Тон Таддео помедлил.
— Я не обещаю, что смогу сказать о вас…
— Я знаю.
— …ибо я думаю, что ваши собрания должны быть открыты миру.
— Так было, так есть и так всегда будет.
Они сердечно пожали руки друг другу, но аббат знал — это не столько заключение мира, сколько символ взаимного уважения между врагами. Может, большего и желать было нельзя.
Но почему все должно было свершаться снова и снова?
Ответ был почти ясен, и уже змеями ползли глухие слухи: поскольку Богу известно, в какой день вкусишь ты плоды сии, следовательно, глаза твои будут открыты, и ты станешь равным Богам.
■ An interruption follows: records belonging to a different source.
lemma tan_weight_bounds:
  fixes \<rho> l :: real
  assumes \<rho>: "0 < \<rho>" "\<rho> \<le> 1" and l: "0 \<le> l" "l \<le> pi - 2 * \<rho>"
  defines "k \<equiv> 1 + \<rho>\<^sup>2 / 4"
  shows "k * l < pi" and "k * tan (k * l / 2) \<le> 4 * l / \<rho>\<^sup>2"
proof -
  have k: "1 \<le> k" "k \<le> 5 / 4"
    unfolding k_def using \<rho> by (auto simp: power_le_one)
  then have k2: "k\<^sup>2 \<le> 2"
    using mult_mono[of k "5/4" k "5/4"] by (simp add: power2_eq_square)
  have kl: "k * l \<le> pi - \<rho>"
    unfolding k_def using \<rho> l by (rule tan_weight_angle_le)
  then show "k * l < pi"
    using \<rho> by simp
  define x where "x = k * l / 2"
  have x: "0 \<le> x" "x \<le> pi / 2 - \<rho> / 2"
    unfolding x_def using k l kl by auto
  have "tan x \<le> x / (\<rho> / 4)"
    unfolding tan_def using cos_ge_quarter_of_margin[OF \<rho> x] x \<rho> sin_x_le_x[OF x(1)]
    by (intro frac_le) auto
  then have "k * tan x \<le> k * (x / (\<rho> / 4))"
    using k by (intro mult_left_mono) auto
  also have "\<dots> = 2 * k\<^sup>2 * l / \<rho>"
    unfolding x_def using \<rho> by (simp add: field_simps power2_eq_square)
  also have "\<dots> \<le> 4 * l / \<rho>"
    using mult_right_mono[OF k2 l(1)] \<rho> by (intro divide_right_mono) (auto simp: mult.commute)
  also have "\<dots> \<le> 4 * l / \<rho>\<^sup>2"
    using l \<rho> by (intro divide_left_mono) (auto simp: power2_eq_square mult_le_cancel_left1)
  finally show "k * tan (k * l / 2) \<le> 4 * l / \<rho>\<^sup>2"
    unfolding x_def .
qed

lemma poincare_short_arc:
  fixes g g' :: "real \<Rightarrow> real" and \<rho> l :: real
  assumes \<rho>: "0 < \<rho>" "\<rho> \<le> 1" and l: "0 \<le> l" "l \<le> pi - 2 * \<rho>" and g: "H1_deriv l g g'"
  shows "(LBINT t=0..l. (g' t)\<^sup>2 - (g t)\<^sup>2)
    \<ge> \<rho>\<^sup>2 / 2 * (LBINT t=0..l. (g t)\<^sup>2) - 4 * l / \<rho>\<^sup>2 * ((g 0)\<^sup>2 + (g l)\<^sup>2)"
proof -
  define k where "k = 1 + \<rho>\<^sup>2 / 4"
  note weight = tan_weight_bounds[OF \<rho> l, folded k_def]
  have "0 < k"
    unfolding k_def by (simp add: add_pos_nonneg)
  have "1 + \<rho>\<^sup>2 / 2 \<le> k\<^sup>2"
    unfolding k_def using \<rho> by (simp add: power2_eq_square algebra_simps)
  from poincare_with_boundary_terms[OF l(1) \<open>0 < k\<close> weight(1) this g]
  have "(LBINT t=0..l. (g' t)\<^sup>2 - (g t)\<^sup>2)
      \<ge> \<rho>\<^sup>2 / 2 * (LBINT t=0..l. (g t)\<^sup>2) - k * tan (k * l / 2) * ((g 0)\<^sup>2 + (g l)\<^sup>2)"
    by simp
  moreover have "k * tan (k * l / 2) * ((g 0)\<^sup>2 + (g l)\<^sup>2) \<le> 4 * l / \<rho>\<^sup>2 * ((g 0)\<^sup>2 + (g l)\<^sup>2)"
    using weight(2) by (rule mult_right_mono) simp
  ultimately show ?thesis
    by linarith
qed

section \<open>Outer normals of neighbouring facets\<close>

lemma unit_normals_of_equal_hyperplanes:
  fixes u v :: "'a::euclidean_space"
  assumes u: "norm u = 1" and v: "norm v = 1" and eq: "{x. u \<bullet> x = h} = {x. v \<bullet> x = k}"
  shows "v = u \<or> v = - u"
proof -
  have uu: "u \<bullet> u = 1" and vv: "v \<bullet> v = 1"
    using u v by (simp_all add: dot_square_norm)
  define z where "z = v - (u \<bullet> v) *\<^sub>R u"
  have "u \<bullet> (h *\<^sub>R u) = h" and "u \<bullet> (h *\<^sub>R u + z) = h"
    unfolding z_def using uu by (simp_all add: inner_add_right inner_diff_right)
  then have "v \<bullet> (h *\<^sub>R u) = k" and "v \<bullet> (h *\<^sub>R u + z) = k"
    using eq by blast+
  then have "v \<bullet> z = 0"
    by (simp add: inner_add_right)
  then have uv: "(u \<bullet> v) * (u \<bullet> v) = 1"
    unfolding z_def using vv by (simp add: inner_diff_right inner_commute)
  have "z \<bullet> z = 0"
    unfolding z_def using uu vv uv
    by (simp add: inner_diff_right inner_diff_left inner_commute algebra_simps)
  then have "v = (u \<bullet> v) *\<^sub>R u"
    unfolding z_def by simp
  moreover have "u \<bullet> v = 1 \<or> u \<bullet> v = -1"
    using uv by (metis mult_cancel_left1 square_eq_1_iff)
  ultimately show ?thesis
    by auto
qed

lemma affine_hull_eq_hyperplane:
  fixes S :: "'a::euclidean_space set"
  assumes S: "aff_dim S = DIM('a) - 1" and w: "w \<noteq> 0" and Sw: "S \<subseteq> {x. w \<bullet> x = k}"
  shows "affine hull S = {x. w \<bullet> x = k}"
proof (rule affine_dim_equal)
  show "affine hull S \<noteq> {}"
    using S by auto
  show "affine hull S \<subseteq> {x. w \<bullet> x = k}"
    using Sw by (intro hull_minimal) (auto intro: affine_hyperplane)
  show "aff_dim (affine hull S) = aff_dim {x. w \<bullet> x = k}"
    using S w by simp
qed (auto intro: affine_hyperplane)

lemma supporting_unit_normal_unique:
  fixes M F :: "'a::euclidean_space set"
  assumes M: "aff_dim M = DIM('a)" and F: "aff_dim F = DIM('a) - 1"
    and u: "norm u = 1" "F \<subseteq> {x. u \<bullet> x = h}" "M \<subseteq> {x. u \<bullet> x \<le> h}"
    and v: "norm v = 1" "F \<subseteq> {x. v \<bullet> x = k}" "M \<subseteq> {x. v \<bullet> x \<le> k}"
  shows "v = u"
proof -
  have "u \<noteq> 0" "v \<noteq> 0"
    using u(1) v(1) by auto
  then have eq: "{x. u \<bullet> x = h} = {x. v \<bullet> x = k}"
    using affine_hull_eq_hyperplane[OF F _ u(2)] affine_hull_eq_hyperplane[OF F _ v(2)] by simp
  have "v \<noteq> - u"
  proof
    assume vu: "v = - u"
    have "h *\<^sub>R u \<in> {x. u \<bullet> x = h}"
      using u(1) by (simp add: dot_square_norm)
    then have "v \<bullet> (h *\<^sub>R u) = k"
      using eq by blast
    then have k: "k = - h"
      using vu u(1) by (simp add: dot_square_norm)
    have "M \<subseteq> {x. u \<bullet> x = h}"
    proof
      fix x assume "x \<in> M"
      then have "u \<bullet> x \<le> h" "v \<bullet> x \<le> k"
        using u(3) v(3) by auto
      then show "x \<in> {x. u \<bullet> x = h}"
        using vu k by simp
    qed
    then have "aff_dim M \<le> aff_dim {x. u \<bullet> x = h}"
      by (rule aff_dim_subset)
    also have "\<dots> = DIM('a) - 1"
      using \<open>u \<noteq> 0\<close> by simp
    finally show False
      using M by simp
  qed
  then show "v = u"
    using unit_normals_of_equal_hyperplanes[OF u(1) v(1) eq] by blast
qed

lemma outer_normal_facet:
  fixes M F :: "'a::euclidean_space set"
  assumes M: "polyhedron M" "aff_dim M = DIM('a)" and F: "F facet_of M"
  shows "norm (outer_normal M F) = 1"
    and "\<exists>h. F \<subseteq> {x. outer_normal M F \<bullet> x = h} \<and> M \<subseteq> {x. outer_normal M F \<bullet> x \<le> h}"
proof -
  obtain a b where a: "a \<noteq> 0" and Ma: "M \<subseteq> {x. a \<bullet> x \<le> b}" and Fa: "F = M \<inter> {x. a \<bullet> x = b}"
    using facet_of_polyhedron[OF M(1) F] .
  define u where "u = a /\<^sub>R norm a"
  define h where "h = b / norm a"
  have nu: "norm u = 1"
    unfolding u_def using a by simp
  have u_inner: "u \<bullet> x = a \<bullet> x / norm a" for x
    unfolding u_def by (simp add: divide_inverse mult.commute)
  have Fu: "F \<subseteq> {x. u \<bullet> x = h}" and Mu: "M \<subseteq> {x. u \<bullet> x \<le> h}"
    using Fa Ma a unfolding h_def by (auto simp: u_inner divide_right_mono)
  have affF: "aff_dim F = DIM('a) - 1"
    using F M(2) unfolding facet_of_def by simp
  have "outer_normal M F = u"
    unfolding outer_normal_def using nu Fu Mu
    by (intro the_equality) (blast intro: supporting_unit_normal_unique[OF M(2) affF nu Fu Mu])+
  then show "norm (outer_normal M F) = 1"
    and "\<exists>h. F \<subseteq> {x. outer_normal M F \<bullet> x = h} \<and> M \<subseteq> {x. outer_normal M F \<bullet> x \<le> h}"
    using nu Fu Mu by blast+
qed

lemma inner_lower_bound_of_common_point:
  fixes a b x :: "'a::euclidean_space"
  assumes a: "norm a = 1" and b: "norm b = 1" and x: "norm x \<le> R"
    and r: "0 < r" "r \<le> a \<bullet> x" "r \<le> b \<bullet> x"
  shows "2 * (r / R)\<^sup>2 - 1 \<le> a \<bullet> b"
proof -
  have "r \<le> norm x"
    using r(2) norm_cauchy_schwarz[of a x] a by simp
  then have R: "0 < R"
    using r(1) x by linarith
  have "2 * r \<le> (a + b) \<bullet> x"
    using r by (simp add: inner_add_left)
  also have "\<dots> \<le> norm (a + b) * norm x"
    by (rule norm_cauchy_schwarz)
  also have "\<dots> \<le> norm (a + b) * R"
    using x by (rule mult_left_mono) simp
  finally have "2 * (r / R) \<le> norm (a + b)"
    using R by (simp add: field_simps)
  then have "(2 * (r / R))\<^sup>2 \<le> (norm (a + b))\<^sup>2"
    using r(1) R by (intro power_mono) auto
  moreover have "(2 * (r / R))\<^sup>2 = 4 * (r / R)\<^sup>2"
    by (simp only: power_mult_distrib) simp
  moreover have "(norm (a + b))\<^sup>2 = 2 + 2 * (a \<bullet> b)"
    using dot_norm[of a b] a b by simp
  ultimately show ?thesis
    by linarith
qed

lemma ball_below_supporting_hyperplane:
  fixes u :: "'a::euclidean_space"
  assumes "norm u = 1" "0 \<le> r" "cball 0 r \<subseteq> M" "M \<subseteq> {x. u \<bullet> x \<le> h}"
  shows "r \<le> h"
proof -
  have "r *\<^sub>R u \<in> cball 0 r"
    using assms(1,2) by simp
  then have "r *\<^sub>R u \<in> M"
    using assms(3) by blast
  then have "u \<bullet> (r *\<^sub>R u) \<le> h"
    using assms(4) by blast
  then show ?thesis
    using assms(1) by (simp add: dot_square_norm)
qed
Старый прародитель лжи был умен, говоря лишь половину правды: как ты можешь «знать», что такое зло и что такое добро, пока сам не вкусишь плодов их? Вкуси — и будешь как Бог. Но ни бесконечное могущество, ни бесконечная мудрость не могли даровать благо человеку. Ибо для этого была необходима бесконечная любовь.
Дом Пауло пригласил молодого священника. Ибо подходило время прощания. И скоро должен был прийти новый год.
То был год неслыханного изобилия дождей, отчего семена, долго тосковавшие по влаге, пошли в бурный рост и цветение.
То был год, когда цивилизация коснулась и кочевников с Долин, и даже люди в Ларедо стали шептаться, что, возможно, все делается к лучшему. Рим не был согласен с этим.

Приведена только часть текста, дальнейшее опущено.